Reproduce each line from the records that holds "there".
===== MATERIAL SUPPLIED
(* Let $\alpha\in(0,1/2)$ be sufficiently small (depending only on $w$), set $I_\alpha=p(1-\alpha)-p(\alpha)=2\int_\alpha^{1-\alpha}\sqrt{w(t)}\,dt$, and let $C$ satisfy $p(1)<C<\tfrac32 I_\alpha$. Then there is a constant $\bar C>0$, depending only on $C$ (and on $w$, $\alpha$, $\bar v$), with the following property: for every $\delta\in(0,1]$ and every $\xi\in A_\delta$ with $E_\delta[\xi]\le C$, there exists $\bar a\in\delta\mathbb{Z}$ such that the translate $\xi_{\bar a}(x):=\xi(x+\bar a)$ satisfies $$\|\xi_{\bar a}-\bar v\|_{L^2(\mathbb{R})}\le \bar C.$$
   Context: Let $w:\mathbb{R}\to\mathbb{R}$ be a function with continuous third derivative, periodic with period $1$, with $w(z)=0$ for all $z\in\mathbb{Z}$, $w(\xi)>0$ for $\xi\notin\mathbb{Z}$, $w''(z)>0$ for all $z\in\mathbb{Z}$, and $w(1-\xi)=w(\xi)$ for all $\xi$. Let $p(z)=2\int_0^z\sqrt{w(t)}\,dt$. Let $\bar v:\mathbb{R}\to\mathbb{R}$ be continuously differentiable and strictly increasing with $\bar v(x)\to0$ as $x\to-\infty$, $\bar v(x)\to1$ as $x\to\infty$, $1-\bar v\in L^1([0,\infty))\cap L^2([0,\infty))$, $\bar v\in L^1((-\infty,0])\cap L^2((-\infty,0])$, $\bar v'\in L^1(\mathbb{R})\cap L^2(\mathbb{R})$. Let $A=\{\xi:\xi-\bar v\in H^1(\mathbb{R})\}$. For $\delta>0$, $P_\delta=\{i\delta:i\in\mathbb{Z}\}$ and $A_\delta$ is the set of continuous $\xi\in A$ that are affine on each interval $[(i-1)\delta,i\delta]$, $i\in\mathbb{Z}$. Define $E_\delta:A\to[0,\infty]$ by $E_\delta[\xi]=\int_{-\infty}^\infty\xi'(x)^2\,dx+\int_{-\infty}^\infty w(\xi(x))\,dx$ if $\xi\in A_\delta$ and $E_\delta[\xi]=\infty$ otherwise. *)

theory Defs
  imports "HOL-Analysis.Analysis"
begin

definition well_potential :: "(real \<Rightarrow> real) \<Rightarrow> bool" where
  "well_potential w \<longleftrightarrow>
     (\<exists>w1 w2 w3. (\<forall>x. (w has_real_derivative w1 x) (at x)) \<and>
                 (\<forall>x. (w1 has_real_derivative w2 x) (at x)) \<and>
                 (\<forall>x. (w2 has_real_derivative w3 x) (at x)) \<and>
                 continuous_on UNIV w3 \<and>
                 (\<forall>z\<in>\<int>. w2 z > 0)) \<and>
     (\<forall>x. w (x + 1) = w x) \<and>
     (\<forall>z\<in>\<int>. w z = 0) \<and>
     (\<forall>x. x \<notin> \<int> \<longrightarrow> w x > 0) \<and>
     (\<forall>x. w (1 - x) = w x)"

text \<open>p(z) = 2 \<integral>_0^z sqrt(w(t)) dt (only used for z \<ge> 0).\<close>
definition pfun :: "(real \<Rightarrow> real) \<Rightarrow> real \<Rightarrow> real" where
  "pfun w z = 2 * integral {0..z} (\<lambda>t. sqrt (w t))"

definition profile :: "(real \<Rightarrow> real) \<Rightarrow> bool" where
  "profile v \<longleftrightarrow>
     (\<exists>v'. (\<forall>x. (v has_real_derivative v' x) (at x)) \<and> continuous_on UNIV v' \<and>
           integrable lborel v' \<and> integrable lborel (\<lambda>x. (v' x)\<^sup>2)) \<and>
     strict_mono v \<and>
     (v \<longlongrightarrow> 0) at_bot \<and> (v \<longlongrightarrow> 1) at_top \<and>
     set_integrable lborel {0..} (\<lambda>x. 1 - v x) \<and>
     set_integrable lborel {0..} (\<lambda>x. (1 - v x)\<^sup>2) \<and>
     set_integrable lborel {..0} v \<and>
     set_integrable lborel {..0} (\<lambda>x. (v x)\<^sup>2)"

definition test_fun :: "(real \<Rightarrow> real) \<Rightarrow> bool" where
  "test_fun \<phi> \<longleftrightarrow> (\<forall>n x. ((deriv ^^ n) \<phi>) differentiable (at x)) \<and>
                    (\<exists>R. \<forall>x. \<bar>x\<bar> > R \<longrightarrow> \<phi> x = 0)"

definition H1 :: "(real \<Rightarrow> real) \<Rightarrow> bool" where
  "H1 f \<longleftrightarrow> f \<in> borel_measurable lborel \<and> integrable lborel (\<lambda>x. (f x)\<^sup>2) \<and>
     (\<exists>g. g \<in> borel_measurable lborel \<and> integrable lborel (\<lambda>x. (g x)\<^sup>2) \<and>
          (\<forall>\<phi>. test_fun \<phi> \<longrightarrow>
             (\<integral>x. f x * deriv \<phi> x \<partial>lborel) = - (\<integral>x. g x * \<phi> x \<partial>lborel)))"

definition Aset :: "(real \<Rightarrow> real) \<Rightarrow> (real \<Rightarrow> real) set" where
  "Aset v = {\<xi>. H1 (\<lambda>x. \<xi> x - v x)}"

definition Adelta :: "(real \<Rightarrow> real) \<Rightarrow> real \<Rightarrow> (real \<Rightarrow> real) set" where
  "Adelta v \<delta> = {\<xi>. \<xi> \<in> Aset v \<and> continuous_on UNIV \<xi> \<and>
     (\<forall>i::int. \<exists>a b. \<forall>x\<in>{(of_int i - 1) * \<delta> .. of_int i * \<delta>}. \<xi> x = a * x + b)}"

text \<open>E_delta with values in [0,\<infinity>]; the derivative of a piecewise affine function
  exists off the (null) grid, so the classical derivative is used a.e.\<close>
definition Edelta :: "(real \<Rightarrow> real) \<Rightarrow> (real \<Rightarrow> real) \<Rightarrow> real \<Rightarrow> (real \<Rightarrow> real) \<Rightarrow> ennreal" where
  "Edelta w v \<delta> \<xi> = (if \<xi> \<in> Adelta v \<delta>
      then (\<integral>\<^sup>+x. ennreal ((deriv \<xi> x)\<^sup>2) \<partial>lborel) + (\<integral>\<^sup>+x. ennreal (w (\<xi> x)) \<partial>lborel)
      else \<infinity>)"

end

theory Submission
  imports Defs
begin

(*
  By the Modica--Mortola inequality 2 sqrt (w \<xi>) |\<xi>'| \<le> \<xi>'^2 + w \<xi>, the energy of \<xi> on an
  interval [a, b] is at least the cost |p(\<xi> b) - p(\<xi> a)| of moving between its end values.
  Because \<xi> - vbar is square integrable, \<xi> drops below \<alpha> far to the left and exceeds 1 - \<alpha>
  far to the right, so it crosses [\<alpha>, 1 - \<alpha>] at a cost I = p(1 - \<alpha>) - p(\<alpha>) each time.
  As C < 3/2 I < 2 I, it crosses only once and never crosses a neighbouring well: there is x0
  with \<xi> in [\<alpha> - 1, 1 - \<alpha>] left of x0 and \<xi> in [\<alpha>, 2 - \<alpha>] right of x0. The minima of w
  are nondegenerate, so on either side the squared distance of \<xi> to the nearby well is at most
  K w(\<xi>). Translating by the grid point below x0 (at distance at most \<delta> \<le> 1) and comparing
  vbar with these wells bounds the L^2 distance by 2 K C plus a constant depending only on vbar.
  The argument works for every \<alpha> < 1/2.
*)

section \<open>The potential\<close>

lemma well_potential_continuous: "well_potential w \<Longrightarrow> continuous_on UNIV w"
  unfolding well_potential_def by (meson DERIV_isCont continuous_at_imp_continuous_on)

lemma well_potential_nonneg: "well_potential w \<Longrightarrow> 0 \<le> w x"
  unfolding well_potential_def by (cases "x \<in> \<int>") (auto simp: less_imp_le)

lemma well_potential_periodic: "well_potential w \<Longrightarrow> w (x + 1) = w x"
  unfolding well_potential_def by blast

lemma quadratic_growth_near_minimum:
  fixes w w1 w2 :: "real \<Rightarrow> real"
  assumes d1: "\<And>x. (w has_real_derivative w1 x) (at x)"
    and d2: "\<And>x. (w1 has_real_derivative w2 x) (at x)"
    and w0: "\<And>x. 0 \<le> w x" and wz: "w z = 0" and pos: "0 < w2 z" and cont: "isCont w2 z"
  obtains r where "0 < r" "\<And>x. \<bar>x - z\<bar> \<le> r \<Longrightarrow> w2 z / 4 * (x - z)\<^sup>2 \<le> w x"
proof -
  have w1z: "w1 z = 0"
    by (rule DERIV_local_min[OF d1[of z], of 1]) (use w0 wz in auto)
  have "eventually (\<lambda>x. w2 z / 2 < w2 x) (at z)"
    by (rule order_tendstoD(1)[OF cont[unfolded isCont_def]]) (use pos in simp)
  then obtain \<rho> where \<rho>: "0 < \<rho>" and near: "\<And>x. x \<noteq> z \<Longrightarrow> dist x z < \<rho> \<Longrightarrow> w2 z / 2 < w2 x"
    unfolding eventually_at by blast
  define r where "r = \<rho> / 2"
  have "w2 z / 4 * (x - z)\<^sup>2 \<le> w x" if x: "\<bar>x - z\<bar> \<le> r" for x
  proof (cases "x = z")
    case False
    have "z - r \<le> x" "x \<le> z + r" using x by auto
    define diff where "diff m = (if m = 0 then w else if m = 1 then w1 else w2)" for m :: nat
    have "\<exists>t. (if x < z then x < t \<and> t < z else z < t \<and> t < x) \<and>
      w x = (\<Sum>m<2. diff m z / fact m * (x - z) ^ m) + diff 2 t / fact 2 * (x - z) ^ 2"
      by (rule Taylor[where a="z - r" and b="z + r"])
         (use d1 d2 \<open>z - r \<le> x\<close> \<open>x \<le> z + r\<close> False \<rho> in \<open>auto simp: diff_def less_2_cases_iff r_def\<close>)
    then obtain t where t: "if x < z then x < t \<and> t < z else z < t \<and> t < x"
      and eq: "w x = (\<Sum>m<2. diff m z / fact m * (x - z) ^ m) + diff 2 t / fact 2 * (x - z) ^ 2"
      by blast
    have taylor: "w x = w2 t / 2 * (x - z)\<^sup>2"
      using eq wz w1z by (simp add: diff_def numeral_2_eq_2 power2_eq_square)
    have "\<bar>t - z\<bar> \<le> \<bar>x - z\<bar>" using t by (auto split: if_splits)
    have "w2 z / 2 < w2 t"
      using pos near[of t] \<open>\<bar>t - z\<bar> \<le> \<bar>x - z\<bar>\<close> x \<rho> by (cases "t = z") (auto simp: dist_real_def r_def)
    then show ?thesis
      unfolding taylor by (intro mult_right_mono) auto
  qed (simp add: wz)
  moreover have "0 < r" using \<rho> by (simp add: r_def)
  ultimately show ?thesis using that by blast
qed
==========
• [EXERCISE RESULT]
(* Let $\alpha\in(0,1/2)$ be sufficiently small (depending only on $w$), set $I_\alpha=p(1-\alpha)-p(\alpha)=2\int_\alpha^{1-\alpha}\sqrt{w(t)}\,dt$, and let $C$ satisfy $p(1)<C<\tfrac32 I_\alpha$. Then there is a constant $\bar C>0$, depending only on $C$ (and on $w$, $\alpha$, $\bar v$), with the following property: for every $\delta\in(0,1]$ and every $\xi\in A_\delta$ with $E_\delta[\xi]\le C$, there exists $\bar a\in\delta\mathbb{Z}$ such that the translate $\xi_{\bar a}(x):=\xi(x+\bar a)$ satisfies $$\|\xi_{\bar a}-\bar v\|_{L^2(\mathbb{R})}\le \bar C.$$
  As C < 3/2 I < 2 I, it crosses only once and never crosses a neighbouring well: there is x0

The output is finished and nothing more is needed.